Rectangle = namedtuple("Rectangle", "top bottom left right")

def find_rectangles(arr):

    # Deeply copy the array so that it can be modified safely
    arr = [row[:] for row in arr]

    rectangles = []

    for top, row in enumerate(arr):
        start = 0

        # Look for rectangles whose top row is here
        while True:
            try:
                left = row.index(0, start)
            except ValueError:
                break

            # Set start to one past the last 0 in the contiguous line of 0s
            try:
                start = row.index(1, left)
            except ValueError:
                start = len(row)

            right = start - 1

            if (  # Width == 1
                  left == right or
                  # There are 0s above
                  top > 0 and not all(arr[top-1][left:right + 1])):
                continue

            bottom = top + 1
            while (bottom < len(arr) and
                   # No extra zeroes on the sides
                   (left == 0 or arr[bottom][left-1]) and
                   (right == len(row) - 1 or arr[bottom][right + 1]) and
                   # All zeroes in the row
                   not any(arr[bottom][left:right + 1])):
                bottom += 1

            # The loop ends when bottom has gone too far, so backtrack
            bottom -= 1

            if (  # Height == 1
                  bottom == top or
                  # There are 0s beneath
                  (bottom < len(arr) - 1 and
                   not all(arr[bottom + 1][left:right+1]))):
                continue

            rectangles.append(Rectangle(top, bottom, left, right))
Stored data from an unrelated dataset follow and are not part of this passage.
(* Let $G$ be a finite graph with maximum degree $\Delta \geq 2^{64}$, and let $r=\lceil 400\Delta/\log\Delta\rceil$. Then there exists a partition $V(G)=V_1\uplus\cdots\uplus V_r$ such that for every vertex $v\in V(G)$ and every $i\in[r]$, $|N_G(v)\cap V_i| \leq \frac12\log\Delta$.
   Context: $\log$ denotes the logarithm to base 2; $N_G(v)$ is the set of neighbours of $v$ in $G$; $[r]=\{1,\dots,r\}$. Parts of the partition are allowed to be empty. *)

theory Defs
  imports Complex_Main
begin

definition finite_simple_graph :: "'a set \<Rightarrow> ('a \<Rightarrow> 'a \<Rightarrow> bool) \<Rightarrow> bool" where
  "finite_simple_graph V E \<longleftrightarrow> finite V \<and> (\<forall>u v. E u v \<longrightarrow> u \<in> V \<and> v \<in> V)
     \<and> (\<forall>u v. E u v \<longrightarrow> E v u) \<and> (\<forall>v. \<not> E v v)"

definition neighbours :: "'a set \<Rightarrow> ('a \<Rightarrow> 'a \<Rightarrow> bool) \<Rightarrow> 'a \<Rightarrow> 'a set" where
  "neighbours V E v = {u \<in> V. E v u}"

definition max_degree :: "'a set \<Rightarrow> ('a \<Rightarrow> 'a \<Rightarrow> bool) \<Rightarrow> nat" where
  "max_degree V E = Max (insert 0 ((\<lambda>v. card (neighbours V E v)) ` V))"

end

theory Submission
  imports Defs "HOL-Probability.Product_PMF"
begin

text \<open>Colour the vertices independently and uniformly with \<open>r\<close> colours, and let
  \<open>m = \<lfloor>log \<Delta> / 2\<rfloor>\<close>. A vertex sees more than \<open>m\<close> neighbours of one colour only if
  some \<open>(m+1)\<close>-subset of its neighbourhood is monochromatic, an event of probability
  \<open>r\<^sup>-\<^sup>m\<close>. Such an event is mutually independent of all events for subsets disjoint
  from it, and a subset meets at most \<open>(m+1) \<Delta> (\<Delta> choose m+1)\<close> others. For
  \<open>\<Delta> \<ge> 2\<^sup>6\<^sup>4\<close> the choice \<open>r = \<lceil>400 \<Delta> / log \<Delta>\<rceil>\<close> makes the symmetric local lemma
  applicable, so with positive probability no such subset is monochromatic.\<close>

definition avoid_events :: "('i \<Rightarrow> 'b set) \<Rightarrow> 'i set \<Rightarrow> 'b set" where
  "avoid_events ev T = {\<omega>. \<forall>B\<in>T. \<omega> \<notin> ev B}"

lemma avoid_events_antimono: "S \<subseteq> T \<Longrightarrow> avoid_events ev T \<subseteq> avoid_events ev S"
  by (auto simp: avoid_events_def)

text \<open>The symmetric Lovasz local lemma, with \<open>G A\<close> the events \<open>A\<close> may depend on.\<close>

locale symmetric_lll =
  fixes P :: "'b pmf" and F :: "'i set" and ev :: "'i \<Rightarrow> 'b set"
    and G :: "'i \<Rightarrow> 'i set" and d :: nat and p :: real
  assumes finite_F: "finite F"
    and card_dependent_le: "A \<in> F \<Longrightarrow> card (G A \<inter> F) \<le> d"
    and p_nonneg: "0 \<le> p"
    and lll_condition: "4 * (real d + 1) * p \<le> 1"
    and prob_ev_avoid_independent_le:
      "\<lbrakk>A \<in> F; T \<subseteq> F; T \<inter> G A = {}; A \<notin> T\<rbrakk> \<Longrightarrow>
         measure_pmf.prob P (ev A \<inter> avoid_events ev T) \<le> p * measure_pmf.prob P (avoid_events ev T)"
begin

abbreviation prob :: "'b set \<Rightarrow> real" where
  "prob \<equiv> measure_pmf.prob P"

lemma prob_ev_avoid_le:
  assumes "T \<subseteq> F" "A \<in> F" "A \<notin> T"
  shows "prob (ev A \<inter> avoid_events ev T) \<le> 2 * p * prob (avoid_events ev T)"
  using assms
proof (induction "card T" arbitrary: A T rule: less_induct)
  case less
  define T1 where "T1 = T \<inter> G A"
  define T2 where "T2 = T - G A"
  have finT: "finite T" using less.prems finite_F finite_subset by blast
  have sub: "avoid_events ev T \<subseteq> avoid_events ev T2"
    by (rule avoid_events_antimono) (auto simp: T2_def)
  \<comment> \<open>Conditioning on the events outside \<open>G A\<close> costs at most a factor 2.\<close>
  have halve: "prob (avoid_events ev T2) \<le> 2 * prob (avoid_events ev T)"
  proof (cases "T1 = {}")
    case True
    then show ?thesis by (simp add: T1_def T2_def Diff_triv Int_commute)
  next
    case False
    have IH: "prob (ev B \<inter> avoid_events ev T2) \<le> 2 * p * prob (avoid_events ev T2)" if "B \<in> T1" for B
    proof (rule less.hyps)
      show "card T2 < card T"
        using False finT by (auto simp: T1_def T2_def intro!: psubset_card_mono)
    qed (use that less.prems in \<open>auto simp: T1_def T2_def\<close>)
    have "card T1 \<le> card (G A \<inter> F)"
      by (rule card_mono) (use finite_F less.prems in \<open>auto simp: T1_def\<close>)
    with card_dependent_le[OF \<open>A \<in> F\<close>] have "card T1 \<le> d" by simp
    have "prob (avoid_events ev T2) - prob (avoid_events ev T)
          = prob (\<Union>B\<in>T1. ev B \<inter> avoid_events ev T2)"
      using sub by (subst measure_pmf.finite_measure_Diff[symmetric])
        (auto intro!: arg_cong[where f = prob] simp: avoid_events_def T1_def T2_def)
    also have "\<dots> \<le> (\<Sum>B\<in>T1. prob (ev B \<inter> avoid_events ev T2))"
      by (rule measure_pmf.finite_measure_subadditive_finite) (use finT in \<open>auto simp: T1_def\<close>)
    also have "\<dots> \<le> real (card T1) * (2 * p * prob (avoid_events ev T2))"
      using sum_mono[of T1 _ "\<lambda>_. 2 * p * prob (avoid_events ev T2)"] IH by simp
    also have "\<dots> \<le> real d * (2 * p) * prob (avoid_events ev T2)"
      using \<open>card T1 \<le> d\<close> p_nonneg by (simp add: mult_right_mono)
    also have "\<dots> \<le> 1 / 2 * prob (avoid_events ev T2)"
      using lll_condition p_nonneg by (intro mult_right_mono) (auto simp: algebra_simps)
    finally show ?thesis by simp
  qed
  have "prob (ev A \<inter> avoid_events ev T) \<le> prob (ev A \<inter> avoid_events ev T2)"
    using sub by (intro measure_pmf.finite_measure_mono) auto
  also have "\<dots> \<le> p * prob (avoid_events ev T2)"
    using prob_ev_avoid_independent_le[of A T2] less.prems by (auto simp: T2_def)
  also have "\<dots> \<le> p * (2 * prob (avoid_events ev T))"
    using halve p_nonneg by (rule mult_left_mono)
  finally show ?case by simp
qed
            # Remove the rectangle so that it doesn't affect future searches
            for i in range(top, bottom+1):
                arr[i][left:right+1] = [1] * (right + 1 - left)

    return rectangles

For the given input, the output is:

[Rectangle(top=2, bottom=3, left=3, right=5),
 Rectangle(top=5, bottom=6, left=3, right=4)]

This is correct because the comments indicate that the 'rectangle' on the right is not to be counted since there is an extra 0 sticking out. I suggest you add more test cases though.

I expect it to be reasonably fast since much of the low-level iteration is done with calls to index and any, so there's decent usage of C code even without the help of numpy.